_Records from a data source_.
++++++++++
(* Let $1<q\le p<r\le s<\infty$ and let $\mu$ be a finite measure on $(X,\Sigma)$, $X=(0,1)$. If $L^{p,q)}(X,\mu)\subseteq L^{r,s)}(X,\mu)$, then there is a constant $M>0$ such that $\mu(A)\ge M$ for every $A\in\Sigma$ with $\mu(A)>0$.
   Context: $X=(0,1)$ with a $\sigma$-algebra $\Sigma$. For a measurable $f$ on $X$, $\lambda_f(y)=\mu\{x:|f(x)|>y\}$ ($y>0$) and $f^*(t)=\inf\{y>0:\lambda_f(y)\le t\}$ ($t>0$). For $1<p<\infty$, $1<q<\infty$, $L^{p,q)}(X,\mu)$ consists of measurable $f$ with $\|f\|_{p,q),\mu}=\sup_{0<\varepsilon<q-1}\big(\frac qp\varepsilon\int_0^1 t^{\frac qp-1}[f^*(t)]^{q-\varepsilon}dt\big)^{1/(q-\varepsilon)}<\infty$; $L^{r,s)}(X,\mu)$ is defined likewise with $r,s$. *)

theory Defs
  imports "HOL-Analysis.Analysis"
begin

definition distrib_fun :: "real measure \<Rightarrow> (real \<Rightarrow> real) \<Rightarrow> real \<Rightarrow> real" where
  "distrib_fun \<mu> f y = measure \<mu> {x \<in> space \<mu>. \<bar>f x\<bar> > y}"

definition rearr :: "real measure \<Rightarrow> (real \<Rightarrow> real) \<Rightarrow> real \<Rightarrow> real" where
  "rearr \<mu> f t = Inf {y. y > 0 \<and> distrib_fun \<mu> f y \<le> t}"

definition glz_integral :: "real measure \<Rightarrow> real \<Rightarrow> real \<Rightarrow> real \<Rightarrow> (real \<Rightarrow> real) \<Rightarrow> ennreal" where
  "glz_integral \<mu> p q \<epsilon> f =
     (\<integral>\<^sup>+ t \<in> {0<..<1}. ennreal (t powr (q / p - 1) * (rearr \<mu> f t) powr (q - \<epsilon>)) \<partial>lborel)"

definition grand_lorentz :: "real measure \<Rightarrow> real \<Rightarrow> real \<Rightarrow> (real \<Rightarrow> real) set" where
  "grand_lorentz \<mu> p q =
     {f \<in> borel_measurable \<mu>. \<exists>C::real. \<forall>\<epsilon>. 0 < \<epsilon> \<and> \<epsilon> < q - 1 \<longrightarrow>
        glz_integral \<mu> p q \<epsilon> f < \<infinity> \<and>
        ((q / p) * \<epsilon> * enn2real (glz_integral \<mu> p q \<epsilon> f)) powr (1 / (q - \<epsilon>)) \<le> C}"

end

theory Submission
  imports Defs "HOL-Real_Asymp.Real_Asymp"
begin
++++++++++
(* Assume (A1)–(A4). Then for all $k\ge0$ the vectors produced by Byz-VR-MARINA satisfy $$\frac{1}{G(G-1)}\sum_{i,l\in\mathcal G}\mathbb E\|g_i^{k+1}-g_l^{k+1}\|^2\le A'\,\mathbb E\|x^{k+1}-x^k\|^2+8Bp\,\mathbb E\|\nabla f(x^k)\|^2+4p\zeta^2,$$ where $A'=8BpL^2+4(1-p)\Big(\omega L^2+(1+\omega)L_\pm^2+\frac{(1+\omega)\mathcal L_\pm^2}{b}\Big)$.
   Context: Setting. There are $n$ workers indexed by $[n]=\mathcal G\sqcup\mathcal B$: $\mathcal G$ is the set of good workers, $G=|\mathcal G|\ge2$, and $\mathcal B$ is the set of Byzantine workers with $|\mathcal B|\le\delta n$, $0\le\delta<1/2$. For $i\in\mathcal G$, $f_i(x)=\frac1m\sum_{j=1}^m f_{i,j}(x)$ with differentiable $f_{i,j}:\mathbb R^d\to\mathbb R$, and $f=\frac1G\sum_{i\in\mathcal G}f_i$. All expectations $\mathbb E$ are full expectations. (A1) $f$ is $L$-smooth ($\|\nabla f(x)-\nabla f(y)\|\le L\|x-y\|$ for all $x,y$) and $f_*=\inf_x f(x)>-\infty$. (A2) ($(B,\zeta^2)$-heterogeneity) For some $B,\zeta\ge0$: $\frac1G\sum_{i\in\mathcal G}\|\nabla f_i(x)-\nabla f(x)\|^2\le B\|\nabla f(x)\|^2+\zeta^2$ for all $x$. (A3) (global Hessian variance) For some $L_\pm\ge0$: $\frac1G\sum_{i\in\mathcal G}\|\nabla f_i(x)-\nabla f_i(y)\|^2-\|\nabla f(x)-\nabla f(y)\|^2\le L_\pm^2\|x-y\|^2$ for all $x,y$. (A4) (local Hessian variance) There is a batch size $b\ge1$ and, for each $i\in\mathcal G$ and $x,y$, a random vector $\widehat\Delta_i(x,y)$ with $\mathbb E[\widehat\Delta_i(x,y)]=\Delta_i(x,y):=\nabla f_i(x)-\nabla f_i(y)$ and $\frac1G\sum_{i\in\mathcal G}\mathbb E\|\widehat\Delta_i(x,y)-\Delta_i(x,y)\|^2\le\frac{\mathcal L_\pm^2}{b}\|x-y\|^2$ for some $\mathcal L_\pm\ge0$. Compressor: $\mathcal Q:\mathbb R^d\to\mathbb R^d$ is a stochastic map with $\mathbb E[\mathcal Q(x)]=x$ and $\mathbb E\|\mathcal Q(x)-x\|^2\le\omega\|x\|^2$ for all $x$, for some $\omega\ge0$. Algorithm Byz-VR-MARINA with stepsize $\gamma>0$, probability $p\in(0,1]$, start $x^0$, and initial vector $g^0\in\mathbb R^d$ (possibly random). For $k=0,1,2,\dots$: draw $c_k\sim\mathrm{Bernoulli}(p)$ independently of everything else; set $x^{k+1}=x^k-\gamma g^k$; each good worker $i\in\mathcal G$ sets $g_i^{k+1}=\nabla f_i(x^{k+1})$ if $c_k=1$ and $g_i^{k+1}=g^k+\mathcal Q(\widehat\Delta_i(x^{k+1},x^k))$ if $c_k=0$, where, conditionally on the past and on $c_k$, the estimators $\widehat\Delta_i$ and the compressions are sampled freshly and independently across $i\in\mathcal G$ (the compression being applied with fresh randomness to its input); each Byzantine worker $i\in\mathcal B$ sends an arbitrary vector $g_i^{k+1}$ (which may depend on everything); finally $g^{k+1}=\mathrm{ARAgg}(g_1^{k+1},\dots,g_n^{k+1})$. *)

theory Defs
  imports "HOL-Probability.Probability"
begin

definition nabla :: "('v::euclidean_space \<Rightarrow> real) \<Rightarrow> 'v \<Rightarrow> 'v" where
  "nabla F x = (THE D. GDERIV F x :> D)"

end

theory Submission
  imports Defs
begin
++++++++++
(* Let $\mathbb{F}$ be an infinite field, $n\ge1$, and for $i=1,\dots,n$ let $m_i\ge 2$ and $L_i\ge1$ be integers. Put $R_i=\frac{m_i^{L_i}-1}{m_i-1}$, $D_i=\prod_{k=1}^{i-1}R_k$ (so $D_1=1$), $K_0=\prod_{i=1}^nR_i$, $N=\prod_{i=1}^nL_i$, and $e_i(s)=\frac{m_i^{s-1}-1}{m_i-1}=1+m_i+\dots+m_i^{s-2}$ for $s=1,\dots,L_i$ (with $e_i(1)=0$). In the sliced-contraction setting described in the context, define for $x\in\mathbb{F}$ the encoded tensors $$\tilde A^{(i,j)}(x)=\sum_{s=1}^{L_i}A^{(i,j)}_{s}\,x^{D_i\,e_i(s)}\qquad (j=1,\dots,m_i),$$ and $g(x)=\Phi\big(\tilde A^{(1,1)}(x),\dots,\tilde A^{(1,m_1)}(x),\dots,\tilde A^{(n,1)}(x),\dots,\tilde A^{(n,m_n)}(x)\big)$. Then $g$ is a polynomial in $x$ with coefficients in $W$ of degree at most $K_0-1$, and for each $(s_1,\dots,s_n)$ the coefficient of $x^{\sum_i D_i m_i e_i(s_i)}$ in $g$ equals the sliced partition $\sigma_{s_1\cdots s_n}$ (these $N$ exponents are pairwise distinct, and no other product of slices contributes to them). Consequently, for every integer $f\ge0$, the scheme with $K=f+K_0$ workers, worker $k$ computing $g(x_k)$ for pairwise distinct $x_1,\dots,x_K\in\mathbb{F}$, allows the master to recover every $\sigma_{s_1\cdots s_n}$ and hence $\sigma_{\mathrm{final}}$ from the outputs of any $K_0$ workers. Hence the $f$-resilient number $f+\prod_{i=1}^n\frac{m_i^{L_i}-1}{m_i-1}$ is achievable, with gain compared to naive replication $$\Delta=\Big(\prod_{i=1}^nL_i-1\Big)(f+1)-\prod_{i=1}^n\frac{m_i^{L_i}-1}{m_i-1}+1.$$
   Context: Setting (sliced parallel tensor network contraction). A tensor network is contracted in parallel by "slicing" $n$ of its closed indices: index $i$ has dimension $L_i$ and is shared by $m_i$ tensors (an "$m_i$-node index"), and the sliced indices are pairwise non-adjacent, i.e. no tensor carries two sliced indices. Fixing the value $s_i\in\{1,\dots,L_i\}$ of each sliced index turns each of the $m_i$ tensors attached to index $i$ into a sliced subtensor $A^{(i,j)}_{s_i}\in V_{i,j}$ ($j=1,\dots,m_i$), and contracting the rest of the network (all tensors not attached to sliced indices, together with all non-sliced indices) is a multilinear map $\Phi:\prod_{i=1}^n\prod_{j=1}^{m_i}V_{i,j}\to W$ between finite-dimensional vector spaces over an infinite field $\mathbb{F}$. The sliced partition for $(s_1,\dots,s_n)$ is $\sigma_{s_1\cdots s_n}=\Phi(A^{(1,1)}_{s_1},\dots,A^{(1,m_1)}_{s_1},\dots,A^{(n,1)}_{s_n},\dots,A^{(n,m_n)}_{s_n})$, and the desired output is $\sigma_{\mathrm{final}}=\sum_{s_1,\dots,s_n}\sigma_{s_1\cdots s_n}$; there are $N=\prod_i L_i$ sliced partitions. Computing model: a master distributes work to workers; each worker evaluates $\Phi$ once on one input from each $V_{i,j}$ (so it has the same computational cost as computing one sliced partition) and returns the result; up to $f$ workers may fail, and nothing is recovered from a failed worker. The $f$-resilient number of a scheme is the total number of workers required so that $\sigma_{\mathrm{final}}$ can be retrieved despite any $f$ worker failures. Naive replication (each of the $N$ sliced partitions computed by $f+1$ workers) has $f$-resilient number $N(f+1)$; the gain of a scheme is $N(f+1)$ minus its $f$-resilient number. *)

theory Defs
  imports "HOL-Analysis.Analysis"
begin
++++++++++
_REQUIREMENT_.
Where does the string "ennreal" occur in the data above? Copy every line that holds it.

_TASK RESULT_.
definition glz_integral :: "real measure \<Rightarrow> real \<Rightarrow> real \<Rightarrow> real \<Rightarrow> (real \<Rightarrow> real) \<Rightarrow> ennreal" where
     (\<integral>\<^sup>+ t \<in> {0<..<1}. ennreal (t powr (q / p - 1) * (rearr \<mu> f t) powr (q - \<epsilon>)) \<partial>lborel)"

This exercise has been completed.